▸ Aim of the exercise
The required output is the exact run of lines below that opens at the line with "by (simp add: floor_eq_iff" and closes at the line with "by (subst powr_realpow)".

▸ Dataset records
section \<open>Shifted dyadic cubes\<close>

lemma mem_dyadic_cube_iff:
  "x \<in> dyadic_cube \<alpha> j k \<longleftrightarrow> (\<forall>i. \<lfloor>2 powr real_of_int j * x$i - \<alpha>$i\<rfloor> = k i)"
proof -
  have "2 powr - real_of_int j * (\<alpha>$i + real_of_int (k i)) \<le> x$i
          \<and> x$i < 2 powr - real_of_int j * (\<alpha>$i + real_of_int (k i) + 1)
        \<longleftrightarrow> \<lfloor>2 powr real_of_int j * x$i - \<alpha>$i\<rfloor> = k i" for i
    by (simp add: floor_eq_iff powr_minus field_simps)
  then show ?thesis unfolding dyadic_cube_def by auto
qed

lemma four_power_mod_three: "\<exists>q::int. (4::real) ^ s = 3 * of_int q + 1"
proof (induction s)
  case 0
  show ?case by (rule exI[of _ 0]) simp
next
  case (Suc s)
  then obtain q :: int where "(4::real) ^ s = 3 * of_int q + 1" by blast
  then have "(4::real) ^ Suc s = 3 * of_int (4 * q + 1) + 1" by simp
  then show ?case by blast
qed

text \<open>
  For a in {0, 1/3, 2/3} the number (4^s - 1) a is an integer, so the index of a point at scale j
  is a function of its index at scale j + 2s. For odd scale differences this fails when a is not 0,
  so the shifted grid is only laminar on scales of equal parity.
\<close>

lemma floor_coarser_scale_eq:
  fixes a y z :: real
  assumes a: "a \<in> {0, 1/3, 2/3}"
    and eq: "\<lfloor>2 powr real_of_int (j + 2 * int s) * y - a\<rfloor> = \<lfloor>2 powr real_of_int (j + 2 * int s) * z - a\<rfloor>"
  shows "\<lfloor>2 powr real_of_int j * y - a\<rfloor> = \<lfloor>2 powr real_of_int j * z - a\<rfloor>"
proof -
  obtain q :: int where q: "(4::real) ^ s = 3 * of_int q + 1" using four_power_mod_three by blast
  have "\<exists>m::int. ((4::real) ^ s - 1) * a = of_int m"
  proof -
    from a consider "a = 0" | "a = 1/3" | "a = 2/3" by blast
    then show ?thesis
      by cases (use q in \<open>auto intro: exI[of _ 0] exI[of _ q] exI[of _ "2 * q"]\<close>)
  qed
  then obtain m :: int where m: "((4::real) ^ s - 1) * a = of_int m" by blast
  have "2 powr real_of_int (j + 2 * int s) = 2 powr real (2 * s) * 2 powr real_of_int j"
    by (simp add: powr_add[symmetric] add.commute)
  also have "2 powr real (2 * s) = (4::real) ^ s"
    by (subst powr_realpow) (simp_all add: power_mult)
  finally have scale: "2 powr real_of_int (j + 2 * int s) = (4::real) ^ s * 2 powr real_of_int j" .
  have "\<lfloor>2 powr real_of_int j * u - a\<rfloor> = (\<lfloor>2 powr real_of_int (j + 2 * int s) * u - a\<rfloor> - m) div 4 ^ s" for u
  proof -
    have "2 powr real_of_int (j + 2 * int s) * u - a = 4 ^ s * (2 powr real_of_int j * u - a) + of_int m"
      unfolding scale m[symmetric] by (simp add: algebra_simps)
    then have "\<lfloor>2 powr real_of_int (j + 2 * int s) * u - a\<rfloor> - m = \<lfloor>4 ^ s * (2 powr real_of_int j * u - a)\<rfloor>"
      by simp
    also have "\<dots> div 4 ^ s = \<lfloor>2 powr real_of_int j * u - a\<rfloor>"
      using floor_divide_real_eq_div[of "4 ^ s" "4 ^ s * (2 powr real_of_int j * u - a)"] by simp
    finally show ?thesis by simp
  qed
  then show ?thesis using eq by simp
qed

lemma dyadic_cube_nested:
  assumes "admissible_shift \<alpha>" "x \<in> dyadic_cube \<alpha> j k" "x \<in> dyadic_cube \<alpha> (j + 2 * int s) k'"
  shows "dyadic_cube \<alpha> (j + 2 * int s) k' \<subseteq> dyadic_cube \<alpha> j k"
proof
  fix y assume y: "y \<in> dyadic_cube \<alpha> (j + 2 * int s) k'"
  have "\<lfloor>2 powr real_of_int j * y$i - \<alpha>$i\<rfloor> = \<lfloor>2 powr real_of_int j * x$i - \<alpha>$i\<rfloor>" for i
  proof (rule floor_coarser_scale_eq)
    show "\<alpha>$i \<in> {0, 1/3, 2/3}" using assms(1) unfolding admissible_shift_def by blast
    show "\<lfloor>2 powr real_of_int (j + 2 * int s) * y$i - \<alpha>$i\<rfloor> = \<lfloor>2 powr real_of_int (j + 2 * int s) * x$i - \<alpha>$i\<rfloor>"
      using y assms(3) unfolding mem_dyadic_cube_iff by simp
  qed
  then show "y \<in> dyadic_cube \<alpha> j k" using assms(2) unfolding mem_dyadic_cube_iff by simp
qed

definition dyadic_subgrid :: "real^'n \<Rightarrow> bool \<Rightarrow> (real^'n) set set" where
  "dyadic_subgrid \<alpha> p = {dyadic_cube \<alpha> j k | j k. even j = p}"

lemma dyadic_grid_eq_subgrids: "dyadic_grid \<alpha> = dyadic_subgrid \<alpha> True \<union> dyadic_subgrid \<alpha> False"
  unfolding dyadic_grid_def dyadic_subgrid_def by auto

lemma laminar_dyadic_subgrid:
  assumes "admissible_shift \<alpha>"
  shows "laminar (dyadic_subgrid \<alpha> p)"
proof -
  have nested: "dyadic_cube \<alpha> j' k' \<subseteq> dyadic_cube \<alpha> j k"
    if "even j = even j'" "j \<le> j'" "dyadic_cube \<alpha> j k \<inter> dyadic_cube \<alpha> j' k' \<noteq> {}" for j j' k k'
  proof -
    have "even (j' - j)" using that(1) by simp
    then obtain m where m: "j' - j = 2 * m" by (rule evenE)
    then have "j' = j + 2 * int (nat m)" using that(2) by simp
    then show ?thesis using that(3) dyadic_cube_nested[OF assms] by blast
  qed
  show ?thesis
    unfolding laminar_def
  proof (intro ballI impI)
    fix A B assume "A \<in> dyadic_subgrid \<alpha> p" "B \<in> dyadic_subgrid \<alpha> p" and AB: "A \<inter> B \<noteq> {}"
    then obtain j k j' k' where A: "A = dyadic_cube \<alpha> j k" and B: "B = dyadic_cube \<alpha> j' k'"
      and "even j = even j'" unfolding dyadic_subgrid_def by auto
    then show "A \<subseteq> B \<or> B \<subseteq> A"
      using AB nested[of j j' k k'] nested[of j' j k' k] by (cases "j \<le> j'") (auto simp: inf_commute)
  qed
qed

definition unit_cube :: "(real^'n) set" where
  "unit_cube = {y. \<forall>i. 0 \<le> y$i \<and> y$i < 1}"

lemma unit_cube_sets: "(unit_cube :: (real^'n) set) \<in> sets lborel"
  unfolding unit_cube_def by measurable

* * *

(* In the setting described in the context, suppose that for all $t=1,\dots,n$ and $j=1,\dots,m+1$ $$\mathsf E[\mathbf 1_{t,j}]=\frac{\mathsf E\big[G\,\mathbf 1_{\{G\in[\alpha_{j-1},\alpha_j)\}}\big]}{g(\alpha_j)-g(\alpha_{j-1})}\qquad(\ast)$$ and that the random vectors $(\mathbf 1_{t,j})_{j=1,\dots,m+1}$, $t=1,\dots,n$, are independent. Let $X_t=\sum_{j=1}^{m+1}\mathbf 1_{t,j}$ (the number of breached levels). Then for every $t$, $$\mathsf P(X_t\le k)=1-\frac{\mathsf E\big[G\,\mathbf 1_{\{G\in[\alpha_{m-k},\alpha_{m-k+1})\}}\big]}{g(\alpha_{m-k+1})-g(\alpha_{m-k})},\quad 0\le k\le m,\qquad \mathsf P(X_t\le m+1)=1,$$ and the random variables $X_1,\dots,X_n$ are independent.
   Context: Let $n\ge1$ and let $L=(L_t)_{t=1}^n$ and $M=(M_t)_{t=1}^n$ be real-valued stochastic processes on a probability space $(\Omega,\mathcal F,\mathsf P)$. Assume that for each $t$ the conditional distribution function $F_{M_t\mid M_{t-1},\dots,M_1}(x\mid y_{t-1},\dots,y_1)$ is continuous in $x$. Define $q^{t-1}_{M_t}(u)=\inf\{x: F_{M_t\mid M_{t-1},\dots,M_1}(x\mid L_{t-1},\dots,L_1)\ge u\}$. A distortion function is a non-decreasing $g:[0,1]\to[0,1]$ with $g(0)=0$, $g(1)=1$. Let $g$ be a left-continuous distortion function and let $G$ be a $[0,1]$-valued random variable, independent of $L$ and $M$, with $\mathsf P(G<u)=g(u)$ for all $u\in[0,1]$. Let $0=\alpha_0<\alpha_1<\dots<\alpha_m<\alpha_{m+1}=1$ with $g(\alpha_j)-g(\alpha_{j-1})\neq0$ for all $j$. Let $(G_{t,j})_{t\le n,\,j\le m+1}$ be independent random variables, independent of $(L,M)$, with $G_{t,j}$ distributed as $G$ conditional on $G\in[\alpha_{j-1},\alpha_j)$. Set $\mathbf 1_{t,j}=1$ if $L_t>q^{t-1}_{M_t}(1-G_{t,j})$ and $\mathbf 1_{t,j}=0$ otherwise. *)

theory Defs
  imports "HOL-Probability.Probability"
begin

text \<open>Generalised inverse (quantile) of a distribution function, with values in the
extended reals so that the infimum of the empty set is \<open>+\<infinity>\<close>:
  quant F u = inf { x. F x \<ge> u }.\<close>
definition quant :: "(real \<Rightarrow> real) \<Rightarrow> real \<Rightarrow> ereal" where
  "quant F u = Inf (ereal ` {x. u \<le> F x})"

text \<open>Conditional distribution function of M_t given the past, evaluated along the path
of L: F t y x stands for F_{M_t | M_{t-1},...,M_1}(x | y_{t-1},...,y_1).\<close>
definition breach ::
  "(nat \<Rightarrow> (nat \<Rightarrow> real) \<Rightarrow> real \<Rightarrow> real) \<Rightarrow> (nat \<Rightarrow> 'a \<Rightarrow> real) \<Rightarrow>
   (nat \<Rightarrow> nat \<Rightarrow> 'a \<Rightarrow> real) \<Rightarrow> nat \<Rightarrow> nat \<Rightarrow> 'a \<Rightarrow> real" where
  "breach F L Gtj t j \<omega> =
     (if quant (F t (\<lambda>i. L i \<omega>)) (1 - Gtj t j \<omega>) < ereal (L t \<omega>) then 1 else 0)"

...

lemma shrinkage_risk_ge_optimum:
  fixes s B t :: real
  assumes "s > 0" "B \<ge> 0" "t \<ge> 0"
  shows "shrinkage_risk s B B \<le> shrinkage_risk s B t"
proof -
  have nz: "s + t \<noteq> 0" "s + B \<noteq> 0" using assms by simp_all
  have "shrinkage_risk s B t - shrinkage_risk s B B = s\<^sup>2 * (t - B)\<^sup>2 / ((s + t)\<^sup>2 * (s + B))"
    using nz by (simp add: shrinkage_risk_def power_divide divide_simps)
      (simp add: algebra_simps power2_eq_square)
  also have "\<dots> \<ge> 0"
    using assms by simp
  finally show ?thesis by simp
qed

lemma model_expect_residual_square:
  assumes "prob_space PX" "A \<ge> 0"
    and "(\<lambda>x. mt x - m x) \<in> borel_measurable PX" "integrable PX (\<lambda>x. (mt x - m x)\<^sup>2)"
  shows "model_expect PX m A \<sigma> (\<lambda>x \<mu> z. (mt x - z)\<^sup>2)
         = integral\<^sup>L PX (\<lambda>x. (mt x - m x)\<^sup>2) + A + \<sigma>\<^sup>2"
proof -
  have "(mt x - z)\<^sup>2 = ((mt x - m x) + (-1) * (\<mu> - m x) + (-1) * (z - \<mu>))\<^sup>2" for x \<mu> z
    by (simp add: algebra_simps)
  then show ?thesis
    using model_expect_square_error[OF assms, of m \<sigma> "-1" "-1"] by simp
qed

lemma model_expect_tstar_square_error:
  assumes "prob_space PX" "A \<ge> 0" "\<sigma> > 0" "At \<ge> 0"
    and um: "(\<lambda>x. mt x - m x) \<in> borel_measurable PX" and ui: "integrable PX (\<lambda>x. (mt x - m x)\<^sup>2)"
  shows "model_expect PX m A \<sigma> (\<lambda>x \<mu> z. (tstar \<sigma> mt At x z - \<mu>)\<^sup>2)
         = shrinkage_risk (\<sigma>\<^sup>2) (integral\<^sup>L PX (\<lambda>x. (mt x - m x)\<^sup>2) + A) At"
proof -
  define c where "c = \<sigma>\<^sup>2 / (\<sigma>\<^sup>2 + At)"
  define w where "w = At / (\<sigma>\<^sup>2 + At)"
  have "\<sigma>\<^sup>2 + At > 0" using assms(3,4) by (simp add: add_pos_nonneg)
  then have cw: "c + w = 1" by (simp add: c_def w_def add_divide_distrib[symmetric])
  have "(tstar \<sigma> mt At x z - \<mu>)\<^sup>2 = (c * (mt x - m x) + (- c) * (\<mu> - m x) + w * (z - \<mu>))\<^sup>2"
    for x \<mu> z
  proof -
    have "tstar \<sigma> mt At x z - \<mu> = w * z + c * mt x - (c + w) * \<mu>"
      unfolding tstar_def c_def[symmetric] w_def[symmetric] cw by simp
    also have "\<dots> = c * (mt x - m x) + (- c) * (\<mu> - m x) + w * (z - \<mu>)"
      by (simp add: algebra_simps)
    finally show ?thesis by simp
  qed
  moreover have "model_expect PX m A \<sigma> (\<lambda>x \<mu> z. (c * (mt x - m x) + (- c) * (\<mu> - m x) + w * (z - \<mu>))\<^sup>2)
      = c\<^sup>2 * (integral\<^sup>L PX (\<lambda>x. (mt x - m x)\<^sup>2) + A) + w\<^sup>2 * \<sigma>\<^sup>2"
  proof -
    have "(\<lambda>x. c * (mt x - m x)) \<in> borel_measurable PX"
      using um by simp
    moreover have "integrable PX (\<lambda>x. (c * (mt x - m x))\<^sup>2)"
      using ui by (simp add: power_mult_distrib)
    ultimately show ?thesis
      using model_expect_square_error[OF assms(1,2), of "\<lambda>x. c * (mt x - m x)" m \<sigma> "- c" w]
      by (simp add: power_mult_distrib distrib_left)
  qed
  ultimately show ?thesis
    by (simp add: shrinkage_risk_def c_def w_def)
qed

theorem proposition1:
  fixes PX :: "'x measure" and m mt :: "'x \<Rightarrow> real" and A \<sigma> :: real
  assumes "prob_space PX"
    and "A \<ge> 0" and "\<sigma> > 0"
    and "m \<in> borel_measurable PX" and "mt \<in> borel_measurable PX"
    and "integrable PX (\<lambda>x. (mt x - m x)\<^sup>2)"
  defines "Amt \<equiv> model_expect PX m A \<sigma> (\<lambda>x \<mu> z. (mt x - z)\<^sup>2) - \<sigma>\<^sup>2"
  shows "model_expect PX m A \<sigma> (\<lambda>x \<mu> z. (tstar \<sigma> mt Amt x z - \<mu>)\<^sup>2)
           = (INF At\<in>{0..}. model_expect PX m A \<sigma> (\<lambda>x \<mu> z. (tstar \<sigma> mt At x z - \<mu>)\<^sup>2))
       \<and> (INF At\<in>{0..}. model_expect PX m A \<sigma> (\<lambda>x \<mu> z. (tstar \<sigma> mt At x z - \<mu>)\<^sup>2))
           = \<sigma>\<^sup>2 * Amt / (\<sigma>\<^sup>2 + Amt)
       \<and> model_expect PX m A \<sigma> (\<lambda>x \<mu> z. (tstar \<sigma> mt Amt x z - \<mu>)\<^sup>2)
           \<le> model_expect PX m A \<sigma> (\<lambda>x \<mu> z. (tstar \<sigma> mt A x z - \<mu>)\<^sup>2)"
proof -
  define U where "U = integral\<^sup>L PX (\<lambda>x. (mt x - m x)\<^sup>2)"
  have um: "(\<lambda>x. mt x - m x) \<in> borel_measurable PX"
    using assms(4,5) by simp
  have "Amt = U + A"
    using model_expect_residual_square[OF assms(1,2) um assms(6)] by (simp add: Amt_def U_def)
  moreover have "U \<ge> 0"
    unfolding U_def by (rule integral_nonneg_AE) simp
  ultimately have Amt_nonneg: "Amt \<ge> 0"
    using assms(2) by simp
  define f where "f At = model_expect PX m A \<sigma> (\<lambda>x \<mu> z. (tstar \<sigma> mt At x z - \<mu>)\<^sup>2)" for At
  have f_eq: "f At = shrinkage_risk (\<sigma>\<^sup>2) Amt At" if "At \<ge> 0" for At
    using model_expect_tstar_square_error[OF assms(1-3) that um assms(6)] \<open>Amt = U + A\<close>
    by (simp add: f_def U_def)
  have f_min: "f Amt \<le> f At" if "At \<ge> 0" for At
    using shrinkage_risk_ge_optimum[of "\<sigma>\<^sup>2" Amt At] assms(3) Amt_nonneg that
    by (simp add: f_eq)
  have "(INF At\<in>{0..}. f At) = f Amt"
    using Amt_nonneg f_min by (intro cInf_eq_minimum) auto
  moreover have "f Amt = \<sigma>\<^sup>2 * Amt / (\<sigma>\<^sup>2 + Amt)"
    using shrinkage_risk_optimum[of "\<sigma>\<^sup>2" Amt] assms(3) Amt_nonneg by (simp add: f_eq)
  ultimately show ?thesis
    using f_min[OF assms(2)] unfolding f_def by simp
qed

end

▸ Output for this task
    by (simp add: floor_eq_iff powr_minus field_simps)
  then show ?thesis unfolding dyadic_cube_def by auto
qed

lemma four_power_mod_three: "\<exists>q::int. (4::real) ^ s = 3 * of_int q + 1"
proof (induction s)
  case 0
  show ?case by (rule exI[of _ 0]) simp
next
  case (Suc s)
  then obtain q :: int where "(4::real) ^ s = 3 * of_int q + 1" by blast
  then have "(4::real) ^ Suc s = 3 * of_int (4 * q + 1) + 1" by simp
  then show ?case by blast
qed

text \<open>
  For a in {0, 1/3, 2/3} the number (4^s - 1) a is an integer, so the index of a point at scale j
  is a function of its index at scale j + 2s. For odd scale differences this fails when a is not 0,
  so the shifted grid is only laminar on scales of equal parity.
\<close>

lemma floor_coarser_scale_eq:
  fixes a y z :: real
  assumes a: "a \<in> {0, 1/3, 2/3}"
    and eq: "\<lfloor>2 powr real_of_int (j + 2 * int s) * y - a\<rfloor> = \<lfloor>2 powr real_of_int (j + 2 * int s) * z - a\<rfloor>"
  shows "\<lfloor>2 powr real_of_int j * y - a\<rfloor> = \<lfloor>2 powr real_of_int j * z - a\<rfloor>"
proof -
  obtain q :: int where q: "(4::real) ^ s = 3 * of_int q + 1" using four_power_mod_three by blast
  have "\<exists>m::int. ((4::real) ^ s - 1) * a = of_int m"
  proof -
    from a consider "a = 0" | "a = 1/3" | "a = 2/3" by blast
    then show ?thesis
      by cases (use q in \<open>auto intro: exI[of _ 0] exI[of _ q] exI[of _ "2 * q"]\<close>)
  qed
  then obtain m :: int where m: "((4::real) ^ s - 1) * a = of_int m" by blast
  have "2 powr real_of_int (j + 2 * int s) = 2 powr real (2 * s) * 2 powr real_of_int j"
    by (simp add: powr_add[symmetric] add.commute)
  also have "2 powr real (2 * s) = (4::real) ^ s"
    by (subst powr_realpow) (simp_all add: power_mult)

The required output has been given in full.